Haha oh I sure do, I'm taking two different lessons per week at two different barns. One is solely body mechanics (my balance, seat, leg, etc.) on school horses and then a private lesson with my horse.. exhausting! But it's helping me a lot.

Well it's great to meet you all! You'll definitely be seeing a lot of me around here. I love learning new things and perfecting what I do know (which isn't much...!)


----------



## CountryLifeSG (Aug 1, 2011)

Hi, i have just joined the forum too and also getting back into the saddle and learning to ride again, ready to start to canter and moving on with my training. Looking forward to hearing about your progression with your riding. Your horse sky is beautiful!!


----------



## Alwaysbehind (Jul 10, 2009)

:wave:
Welcome to the forum.


----------



## Skyseternalangel (Jul 23, 2011)

Thank you CountryLife and Alwaysbehind 

Welcome to the forums aswell! Haha, I hope your journey into the world of horseriding has as few bruises and bumps as possible ;-)

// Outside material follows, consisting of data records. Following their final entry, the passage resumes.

lemma dom_p1 [simp]: "dom\<^sub>C (\<pi>\<^sub>1 A B) = A \<otimes> B"
  and cod_p1 [simp]: "cod\<^sub>C (\<pi>\<^sub>1 A B) = A"
  and dom_p2 [simp]: "dom\<^sub>C (\<pi>\<^sub>2 A B) = A \<otimes> B"
  and cod_p2 [simp]: "cod\<^sub>C (\<pi>\<^sub>2 A B) = B"
  and dom_pair [simp]: "dom\<^sub>C f = dom\<^sub>C g \<Longrightarrow> dom\<^sub>C \<langle>f, g\<rangle> = dom\<^sub>C f"
  and cod_pair [simp]: "dom\<^sub>C f = dom\<^sub>C g \<Longrightarrow> cod\<^sub>C \<langle>f, g\<rangle> = cod\<^sub>C f \<otimes> cod\<^sub>C g"
  and dom_bang [simp]: "dom\<^sub>C (c_bang C A) = A"
  and cod_bang [simp]: "cod\<^sub>C (c_bang C A) = c_term C"
  and p1_pair [simp]: "dom\<^sub>C f = dom\<^sub>C g \<Longrightarrow> cod\<^sub>C f = A \<Longrightarrow> cod\<^sub>C g = B \<Longrightarrow> \<pi>\<^sub>1 A B \<cdot> \<langle>f, g\<rangle> = f"
  and p2_pair [simp]: "dom\<^sub>C f = dom\<^sub>C g \<Longrightarrow> cod\<^sub>C f = A \<Longrightarrow> cod\<^sub>C g = B \<Longrightarrow> \<pi>\<^sub>2 A B \<cdot> \<langle>f, g\<rangle> = g"
  and pair_p1_p2_comp [simp]: "cod\<^sub>C h = A \<otimes> B \<Longrightarrow> \<langle>\<pi>\<^sub>1 A B \<cdot> h, \<pi>\<^sub>2 A B \<cdot> h\<rangle> = h"
  using has_finite_products unfolding has_finite_products_def by auto

lemma pair_p1_p2 [simp]: "\<langle>\<pi>\<^sub>1 A B, \<pi>\<^sub>2 A B\<rangle> = c_id C (A \<otimes> B)"
  using pair_p1_p2_comp[of "c_id C (A \<otimes> B)" A B] by simp

lemma pair_comp [simp]:
  assumes "dom\<^sub>C f = dom\<^sub>C g" and "cod\<^sub>C k = dom\<^sub>C f"
  shows "\<langle>f, g\<rangle> \<cdot> k = \<langle>f \<cdot> k, g \<cdot> k\<rangle>"
  using pair_p1_p2_comp[of "\<langle>f, g\<rangle> \<cdot> k" "cod\<^sub>C f" "cod\<^sub>C g"] assms
  by (simp flip: comp_assoc)

lemma dom_cross_r [simp]: "dom\<^sub>C (cross_r C f D) = dom\<^sub>C f \<otimes> D"
  and cod_cross_r [simp]: "cod\<^sub>C (cross_r C f D) = cod\<^sub>C f \<otimes> D"
  by (simp_all add: cross_r_def)

definition mid_swap :: "'o \<Rightarrow> 'o \<Rightarrow> 'o \<Rightarrow> 'm" where
  "mid_swap A1 A2 E =
     \<langle>\<langle>\<pi>\<^sub>1 A1 E \<cdot> \<pi>\<^sub>1 (A1 \<otimes> E) A2, \<pi>\<^sub>2 (A1 \<otimes> E) A2\<rangle>, \<pi>\<^sub>2 A1 E \<cdot> \<pi>\<^sub>1 (A1 \<otimes> E) A2\<rangle>"

lemma dom_mid_swap [simp]: "dom\<^sub>C (mid_swap A1 A2 E) = A1 \<otimes> E \<otimes> A2"
  and cod_mid_swap [simp]: "cod\<^sub>C (mid_swap A1 A2 E) = A1 \<otimes> A2 \<otimes> E"
  by (simp_all add: mid_swap_def)

lemma mid_swap_mid_swap: "mid_swap A1 A2 E \<cdot> mid_swap A1 E A2 = c_id C (A1 \<otimes> A2 \<otimes> E)"
  by (simp add: mid_swap_def)

end

locale cartesian_doctrine = cartesian_category C
  for C :: "('o, 'm) cat" +
  fixes P :: "('o, 'm, 'p) doctr"
  assumes doctrine: "doctrine C P"
begin

abbreviation le :: "'p \<Rightarrow> 'o \<Rightarrow> 'p \<Rightarrow> bool" ("(_/ \<sqsubseteq>\<^bsub>_\<^esub>/ _)" [51, 0, 51] 50)
  where "x \<sqsubseteq>\<^bsub>A\<^esub> y \<equiv> ple P A x y"

lemma le_refl: "x \<in> Pc P A \<Longrightarrow> x \<sqsubseteq>\<^bsub>A\<^esub> x"
  and le_trans: "\<lbrakk>x \<sqsubseteq>\<^bsub>A\<^esub> y; y \<sqsubseteq>\<^bsub>A\<^esub> z; x \<in> Pc P A; y \<in> Pc P A; z \<in> Pc P A\<rbrakk> \<Longrightarrow> x \<sqsubseteq>\<^bsub>A\<^esub> z"
  and pre_in_carrier [simp]: "\<lbrakk>x \<in> Pc P (cod\<^sub>C f); dom\<^sub>C f = A\<rbrakk> \<Longrightarrow> pre P f x \<in> Pc P A"
  and pre_id [simp]: "x \<in> Pc P A \<Longrightarrow> pre P (c_id C A) x = x"
  using doctrine unfolding doctrine_def by blast+

lemma pre_mono:
  "\<lbrakk>x \<sqsubseteq>\<^bsub>B\<^esub> y; x \<in> Pc P B; y \<in> Pc P B; cod\<^sub>C f = B; dom\<^sub>C f = A\<rbrakk> \<Longrightarrow> pre P f x \<sqsubseteq>\<^bsub>A\<^esub> pre P f y"
  using doctrine unfolding doctrine_def by blast

lemma pre_pre [simp]: "\<lbrakk>cod\<^sub>C f = dom\<^sub>C g; x \<in> Pc P (cod\<^sub>C g)\<rbrakk> \<Longrightarrow> pre P f (pre P g x) = pre P (g \<cdot> f) x"
  using doctrine unfolding doctrine_def by (elim conjE) (simp only:)

lemma pre_le_pre_iff:
  assumes "s \<cdot> t = c_id C B" and "dom\<^sub>C s = A" and "cod\<^sub>C s = B" and "dom\<^sub>C t = B" and "cod\<^sub>C t = A"
    and "x \<in> Pc P B" and "y \<in> Pc P B"
  shows "pre P s x \<sqsubseteq>\<^bsub>A\<^esub> pre P s y \<longleftrightarrow> x \<sqsubseteq>\<^bsub>B\<^esub> y"
proof
  have retract: "pre P t (pre P s z) = z" if "z \<in> Pc P B" for z
    using assms that by simp
  assume "pre P s x \<sqsubseteq>\<^bsub>A\<^esub> pre P s y"
  then have "pre P t (pre P s x) \<sqsubseteq>\<^bsub>B\<^esub> pre P t (pre P s y)"
    by (rule pre_mono) (use assms in simp_all)
  then show "x \<sqsubseteq>\<^bsub>B\<^esub> y"
    using assms by (simp only: retract)
qed (use assms in \<open>simp add: pre_mono\<close>)

lemma in_ex_carrier_iff [simp]: "(D, \<delta>) \<in> ex_carrier C P A \<longleftrightarrow> \<delta> \<in> Pc P (A \<otimes> D)"
  by (simp add: ex_carrier_def)

lemma ex_le_Pair_iff:
  "ex_le C P A (D, \<delta>) (D', \<delta>') \<longleftrightarrow>
     (\<exists>h. dom\<^sub>C h = A \<otimes> D \<and> cod\<^sub>C h = D' \<and> \<delta> \<sqsubseteq>\<^bsub>A \<otimes> D\<^esub> pre P \<langle>\<pi>\<^sub>1 A D, h\<rangle> \<delta>')"
  by (simp add: ex_le_def)

lemma ex_re_Pair [simp]: "ex_re C P f (D, \<delta>) = (D, pre P (cross_r C f D) \<delta>)"
  by (simp add: ex_re_def)

lemma ex_re_in_carrier: "z \<in> ex_carrier C P (cod\<^sub>C f) \<Longrightarrow> ex_re C P f z \<in> ex_carrier C P (dom\<^sub>C f)"
  by (cases z) simp

lemma ex_le_refl:
  assumes "x \<in> ex_carrier C P A"
  shows "ex_le C P A x x"
proof -
  obtain D \<delta> where x: "x = (D, \<delta>)"
    by (cases x)
  have "\<delta> \<sqsubseteq>\<^bsub>A \<otimes> D\<^esub> pre P \<langle>\<pi>\<^sub>1 A D, \<pi>\<^sub>2 A D\<rangle> \<delta>"
    using assms x by (simp add: le_refl)
  then show ?thesis
    unfolding x ex_le_Pair_iff by (intro exI[of _ "\<pi>\<^sub>2 A D"]) simp
qed

lemma ex_le_trans:
  assumes "x \<in> ex_carrier C P A" and "y \<in> ex_carrier C P A" and "z \<in> ex_carrier C P A"
    and "ex_le C P A x y" and "ex_le C P A y z"
  shows "ex_le C P A x z"
proof -
  obtain D1 \<delta>1 D2 \<delta>2 D3 \<delta>3 where xyz: "x = (D1, \<delta>1)" "y = (D2, \<delta>2)" "z = (D3, \<delta>3)"
    by (cases x, cases y, cases z)
  have \<delta>: "\<delta>1 \<in> Pc P (A \<otimes> D1)" "\<delta>2 \<in> Pc P (A \<otimes> D2)" "\<delta>3 \<in> Pc P (A \<otimes> D3)"
    using assms(1-3) xyz by auto
  obtain h1 where h1: "dom\<^sub>C h1 = A \<otimes> D1" "cod\<^sub>C h1 = D2"
    "\<delta>1 \<sqsubseteq>\<^bsub>A \<otimes> D1\<^esub> pre P \<langle>\<pi>\<^sub>1 A D1, h1\<rangle> \<delta>2"
    using assms(4) unfolding xyz ex_le_Pair_iff by blast
  obtain h2 where h2: "dom\<^sub>C h2 = A \<otimes> D2" "cod\<^sub>C h2 = D3"
    "\<delta>2 \<sqsubseteq>\<^bsub>A \<otimes> D2\<^esub> pre P \<langle>\<pi>\<^sub>1 A D2, h2\<rangle> \<delta>3"
    using assms(5) unfolding xyz ex_le_Pair_iff by blast
  let ?g = "h2 \<cdot> \<langle>\<pi>\<^sub>1 A D1, h1\<rangle>"
  have "pre P \<langle>\<pi>\<^sub>1 A D1, h1\<rangle> \<delta>2 \<sqsubseteq>\<^bsub>A \<otimes> D1\<^esub> pre P \<langle>\<pi>\<^sub>1 A D1, h1\<rangle> (pre P \<langle>\<pi>\<^sub>1 A D2, h2\<rangle> \<delta>3)"
    by (rule pre_mono[OF h2(3)]) (use h1 h2 \<delta> in simp_all)
  also have "pre P \<langle>\<pi>\<^sub>1 A D1, h1\<rangle> (pre P \<langle>\<pi>\<^sub>1 A D2, h2\<rangle> \<delta>3) = pre P \<langle>\<pi>\<^sub>1 A D1, ?g\<rangle> \<delta>3"
    using h1 h2 \<delta> by simp
  finally have "\<delta>1 \<sqsubseteq>\<^bsub>A \<otimes> D1\<^esub> pre P \<langle>\<pi>\<^sub>1 A D1, ?g\<rangle> \<delta>3"
    by (rule le_trans[OF h1(3)]) (use h1 h2 \<delta> in simp_all)
  then show ?thesis
    unfolding xyz ex_le_Pair_iff using h1 h2 by (intro exI[of _ ?g]) simp
qed

lemma ex_eq_refl: "x \<in> ex_carrier C P A \<Longrightarrow> ex_eq C P A x x"
  unfolding ex_eq_def by (simp add: ex_le_refl)

lemma ex_eq_sym: "ex_eq C P A x y \<Longrightarrow> ex_eq C P A y x"
  unfolding ex_eq_def by simp

lemma ex_eq_trans:
  "\<lbrakk>x \<in> ex_carrier C P A; y \<in> ex_carrier C P A; z \<in> ex_carrier C P A;
    ex_eq C P A x y; ex_eq C P A y z\<rbrakk> \<Longrightarrow> ex_eq C P A x z"
  unfolding ex_eq_def by (meson ex_le_trans)

definition is_ex_exists :: "'m \<Rightarrow> 'o \<times> 'p \<Rightarrow> 'o \<times> 'p \<Rightarrow> bool" where
  "is_ex_exists m x y \<longleftrightarrow> y \<in> ex_carrier C P (cod\<^sub>C m) \<and>
     (\<forall>z\<in>ex_carrier C P (cod\<^sub>C m). ex_le C P (cod\<^sub>C m) y z \<longleftrightarrow> ex_le C P (dom\<^sub>C m) x (ex_re C P m z))"

definition is_ex_forall :: "'m \<Rightarrow> 'o \<times> 'p \<Rightarrow> 'o \<times> 'p \<Rightarrow> bool" where
  "is_ex_forall m x y \<longleftrightarrow> y \<in> ex_carrier C P (cod\<^sub>C m) \<and>
     (\<forall>z\<in>ex_carrier C P (cod\<^sub>C m). ex_le C P (cod\<^sub>C m) z y \<longleftrightarrow> ex_le C P (dom\<^sub>C m) (ex_re C P m z) x)"

lemma ex_exists_eqI:
  assumes "is_ex_exists m x' y" and "ex_eq C P (dom\<^sub>C m) x x'"
    and "x \<in> ex_carrier C P (dom\<^sub>C m)" and "x' \<in> ex_carrier C P (dom\<^sub>C m)"
  shows "ex_exists C P m x \<in> ex_carrier C P (cod\<^sub>C m)"
    and "ex_eq C P (cod\<^sub>C m) (ex_exists C P m x) y"
proof -
  have "is_ex_exists m x y"
    using assms unfolding is_ex_exists_def ex_eq_def by (meson ex_le_trans ex_re_in_carrier)
  then have "is_ex_exists m x (ex_exists C P m x)"
    unfolding is_ex_exists_def ex_exists_def by (rule someI)
  with \<open>is_ex_exists m x y\<close> show "ex_exists C P m x \<in> ex_carrier C P (cod\<^sub>C m)"
    and "ex_eq C P (cod\<^sub>C m) (ex_exists C P m x) y"
    unfolding is_ex_exists_def ex_eq_def by (meson ex_le_refl)+
qed

lemma ex_forall_eqI:
  assumes "is_ex_forall m x' y" and "ex_eq C P (dom\<^sub>C m) x x'"
    and "x \<in> ex_carrier C P (dom\<^sub>C m)" and "x' \<in> ex_carrier C P (dom\<^sub>C m)"
  shows "ex_forall C P m x \<in> ex_carrier C P (cod\<^sub>C m)"
    and "ex_eq C P (cod\<^sub>C m) (ex_forall C P m x) y"
proof -
  have "is_ex_forall m x y"
    using assms unfolding is_ex_forall_def ex_eq_def by (meson ex_le_trans ex_re_in_carrier)
  then have "is_ex_forall m x (ex_forall C P m x)"
    unfolding is_ex_forall_def ex_forall_def by (rule someI)
  with \<open>is_ex_forall m x y\<close> show "ex_forall C P m x \<in> ex_carrier C P (cod\<^sub>C m)"
    and "ex_eq C P (cod\<^sub>C m) (ex_forall C P m x) y"
    unfolding is_ex_forall_def ex_eq_def by (meson ex_le_refl)+
qed

lemma ex_le_eta_iff:
  assumes "\<phi> \<in> Pc P A"
  shows "ex_le C P A (D, \<zeta>) (ex_eta C P A \<phi>) \<longleftrightarrow> \<zeta> \<sqsubseteq>\<^bsub>A \<otimes> D\<^esub> pre P (\<pi>\<^sub>1 A D) \<phi>"
  unfolding ex_eta_def ex_le_Pair_iff
proof
  show "\<exists>h. dom\<^sub>C h = A \<otimes> D \<and> cod\<^sub>C h = c_term C \<and>
      \<zeta> \<sqsubseteq>\<^bsub>A \<otimes> D\<^esub> pre P \<langle>\<pi>\<^sub>1 A D, h\<rangle> (pre P (\<pi>\<^sub>1 A (c_term C)) \<phi>)"
    if "\<zeta> \<sqsubseteq>\<^bsub>A \<otimes> D\<^esub> pre P (\<pi>\<^sub>1 A D) \<phi>"
    using that assms by (intro exI[of _ "c_bang C (A \<otimes> D)"]) simp
qed (use assms in auto)

lemma ex_eta_in_carrier [simp]: "\<phi> \<in> Pc P A \<Longrightarrow> ex_eta C P A \<phi> \<in> ex_carrier C P A"
  by (simp add: ex_eta_def)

Thank you.. I just love my horse


----------



## liz85 (Aug 9, 2011)

Welcome!!! I am hoping to get my first horse after many many yrs of hoping and praying for one....(making wishes on birthday cakes hadn't worked for me lol) Congrats on your dream horse!!!


----------



## MHFoundation Quarters (Feb 23, 2011)

Welcome to the forum!


----------



## DustyDiamond (Mar 18, 2010)

Welcome to the forum


----------



## Skyseternalangel (Jul 23, 2011)

Thanks liz and it'll sooo happen for you and it'll be so wonderful. Horses are such phenomenal creatures and wonderful friends.

Thank you MH <3 I feel welcome already!

Thanks DustyDiamond, I am so happy to be here. Nice to help each other out and learn so many tips and tricks!


----------